Stored items
◇ ◇ ◇ ◇
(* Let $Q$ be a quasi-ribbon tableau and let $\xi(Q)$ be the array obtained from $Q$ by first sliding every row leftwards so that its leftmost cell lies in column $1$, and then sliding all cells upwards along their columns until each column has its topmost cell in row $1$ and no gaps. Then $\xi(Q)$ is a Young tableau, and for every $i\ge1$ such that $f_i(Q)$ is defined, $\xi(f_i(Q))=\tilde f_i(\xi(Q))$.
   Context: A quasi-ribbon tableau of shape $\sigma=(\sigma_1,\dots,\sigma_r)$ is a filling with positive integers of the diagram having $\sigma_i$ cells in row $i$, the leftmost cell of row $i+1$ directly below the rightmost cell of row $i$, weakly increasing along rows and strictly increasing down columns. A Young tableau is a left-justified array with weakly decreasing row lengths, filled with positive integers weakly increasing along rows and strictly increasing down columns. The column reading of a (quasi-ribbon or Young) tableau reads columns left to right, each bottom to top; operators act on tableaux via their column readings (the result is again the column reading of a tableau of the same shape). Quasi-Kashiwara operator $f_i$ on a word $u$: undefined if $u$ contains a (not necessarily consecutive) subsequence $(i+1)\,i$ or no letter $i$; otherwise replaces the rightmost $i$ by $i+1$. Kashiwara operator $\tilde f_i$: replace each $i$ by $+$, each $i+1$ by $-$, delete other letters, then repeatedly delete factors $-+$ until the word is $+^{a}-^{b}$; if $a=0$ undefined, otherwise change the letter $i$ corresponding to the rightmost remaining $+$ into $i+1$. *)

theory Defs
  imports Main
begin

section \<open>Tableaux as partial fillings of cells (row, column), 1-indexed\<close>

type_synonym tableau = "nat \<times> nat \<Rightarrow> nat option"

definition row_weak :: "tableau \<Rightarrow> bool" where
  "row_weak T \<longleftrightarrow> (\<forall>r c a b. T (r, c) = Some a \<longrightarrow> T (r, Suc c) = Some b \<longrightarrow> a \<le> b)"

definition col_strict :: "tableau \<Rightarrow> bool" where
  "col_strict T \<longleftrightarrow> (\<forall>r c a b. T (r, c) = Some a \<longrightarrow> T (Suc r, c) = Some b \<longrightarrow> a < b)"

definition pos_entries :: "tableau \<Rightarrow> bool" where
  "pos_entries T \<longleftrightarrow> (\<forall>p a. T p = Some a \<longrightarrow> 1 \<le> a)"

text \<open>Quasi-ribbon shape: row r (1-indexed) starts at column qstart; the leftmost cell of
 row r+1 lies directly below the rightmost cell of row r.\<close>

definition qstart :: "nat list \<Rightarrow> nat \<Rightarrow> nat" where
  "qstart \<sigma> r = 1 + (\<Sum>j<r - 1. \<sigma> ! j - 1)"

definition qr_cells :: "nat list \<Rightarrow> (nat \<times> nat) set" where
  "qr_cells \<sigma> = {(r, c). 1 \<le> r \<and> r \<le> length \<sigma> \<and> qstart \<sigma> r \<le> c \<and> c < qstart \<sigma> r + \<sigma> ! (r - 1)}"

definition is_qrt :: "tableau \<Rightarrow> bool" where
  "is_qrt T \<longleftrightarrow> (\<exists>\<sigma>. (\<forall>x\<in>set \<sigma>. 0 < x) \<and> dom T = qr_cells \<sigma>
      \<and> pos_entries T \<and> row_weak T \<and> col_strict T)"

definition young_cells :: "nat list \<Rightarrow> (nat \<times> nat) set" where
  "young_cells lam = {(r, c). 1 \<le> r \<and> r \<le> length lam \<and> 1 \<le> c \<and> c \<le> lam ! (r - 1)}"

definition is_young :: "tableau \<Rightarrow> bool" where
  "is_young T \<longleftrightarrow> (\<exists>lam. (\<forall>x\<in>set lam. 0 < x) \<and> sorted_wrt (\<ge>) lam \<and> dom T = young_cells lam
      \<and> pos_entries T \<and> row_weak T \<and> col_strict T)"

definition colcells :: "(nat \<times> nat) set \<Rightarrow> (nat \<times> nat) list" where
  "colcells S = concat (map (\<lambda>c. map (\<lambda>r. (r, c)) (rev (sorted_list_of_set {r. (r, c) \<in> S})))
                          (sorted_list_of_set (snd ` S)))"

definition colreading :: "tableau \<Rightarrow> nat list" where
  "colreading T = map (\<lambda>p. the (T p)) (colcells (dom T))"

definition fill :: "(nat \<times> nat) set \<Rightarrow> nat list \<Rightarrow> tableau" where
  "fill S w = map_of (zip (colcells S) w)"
◇ ◇ ◇ ◇
Goal of the exercise: Repeat each entry above, matching every line exactly.

Solution to this problem:
(* Let $Q$ be a quasi-ribbon tableau and let $\xi(Q)$ be the array obtained from $Q$ by first sliding every row leftwards so that its leftmost cell lies in column $1$, and then sliding all cells upwards along their columns until each column has its topmost cell in row $1$ and no gaps. Then $\xi(Q)$ is a Young tableau, and for every $i\ge1$ such that $f_i(Q)$ is defined, $\xi(f_i(Q))=\tilde f_i(\xi(Q))$.
   Context: A quasi-ribbon tableau of shape $\sigma=(\sigma_1,\dots,\sigma_r)$ is a filling with positive integers of the diagram having $\sigma_i$ cells in row $i$, the leftmost cell of row $i+1$ directly below the rightmost cell of row $i$, weakly increasing along rows and strictly increasing down columns. A Young tableau is a left-justified array with weakly decreasing row lengths, filled with positive integers weakly increasing along rows and strictly increasing down columns. The column reading of a (quasi-ribbon or Young) tableau reads columns left to right, each bottom to top; operators act on tableaux via their column readings (the result is again the column reading of a tableau of the same shape). Quasi-Kashiwara operator $f_i$ on a word $u$: undefined if $u$ contains a (not necessarily consecutive) subsequence $(i+1)\,i$ or no letter $i$; otherwise replaces the rightmost $i$ by $i+1$. Kashiwara operator $\tilde f_i$: replace each $i$ by $+$, each $i+1$ by $-$, delete other letters, then repeatedly delete factors $-+$ until the word is $+^{a}-^{b}$; if $a=0$ undefined, otherwise change the letter $i$ corresponding to the rightmost remaining $+$ into $i+1$. *)

theory Defs
  imports Main
begin

section \<open>Tableaux as partial fillings of cells (row, column), 1-indexed\<close>

type_synonym tableau = "nat \<times> nat \<Rightarrow> nat option"

definition row_weak :: "tableau \<Rightarrow> bool" where
  "row_weak T \<longleftrightarrow> (\<forall>r c a b. T (r, c) = Some a \<longrightarrow> T (r, Suc c) = Some b \<longrightarrow> a \<le> b)"

definition col_strict :: "tableau \<Rightarrow> bool" where
  "col_strict T \<longleftrightarrow> (\<forall>r c a b. T (r, c) = Some a \<longrightarrow> T (Suc r, c) = Some b \<longrightarrow> a < b)"

definition pos_entries :: "tableau \<Rightarrow> bool" where
  "pos_entries T \<longleftrightarrow> (\<forall>p a. T p = Some a \<longrightarrow> 1 \<le> a)"

text \<open>Quasi-ribbon shape: row r (1-indexed) starts at column qstart; the leftmost cell of
 row r+1 lies directly below the rightmost cell of row r.\<close>

definition qstart :: "nat list \<Rightarrow> nat \<Rightarrow> nat" where
  "qstart \<sigma> r = 1 + (\<Sum>j<r - 1. \<sigma> ! j - 1)"

definition qr_cells :: "nat list \<Rightarrow> (nat \<times> nat) set" where
  "qr_cells \<sigma> = {(r, c). 1 \<le> r \<and> r \<le> length \<sigma> \<and> qstart \<sigma> r \<le> c \<and> c < qstart \<sigma> r + \<sigma> ! (r - 1)}"

definition is_qrt :: "tableau \<Rightarrow> bool" where
  "is_qrt T \<longleftrightarrow> (\<exists>\<sigma>. (\<forall>x\<in>set \<sigma>. 0 < x) \<and> dom T = qr_cells \<sigma>
      \<and> pos_entries T \<and> row_weak T \<and> col_strict T)"

definition young_cells :: "nat list \<Rightarrow> (nat \<times> nat) set" where
  "young_cells lam = {(r, c). 1 \<le> r \<and> r \<le> length lam \<and> 1 \<le> c \<and> c \<le> lam ! (r - 1)}"

definition is_young :: "tableau \<Rightarrow> bool" where
  "is_young T \<longleftrightarrow> (\<exists>lam. (\<forall>x\<in>set lam. 0 < x) \<and> sorted_wrt (\<ge>) lam \<and> dom T = young_cells lam
      \<and> pos_entries T \<and> row_weak T \<and> col_strict T)"

definition colcells :: "(nat \<times> nat) set \<Rightarrow> (nat \<times> nat) list" where
  "colcells S = concat (map (\<lambda>c. map (\<lambda>r. (r, c)) (rev (sorted_list_of_set {r. (r, c) \<in> S})))
                          (sorted_list_of_set (snd ` S)))"

definition colreading :: "tableau \<Rightarrow> nat list" where
  "colreading T = map (\<lambda>p. the (T p)) (colcells (dom T))"

definition fill :: "(nat \<times> nat) set \<Rightarrow> nat list \<Rightarrow> tableau" where
  "fill S w = map_of (zip (colcells S) w)"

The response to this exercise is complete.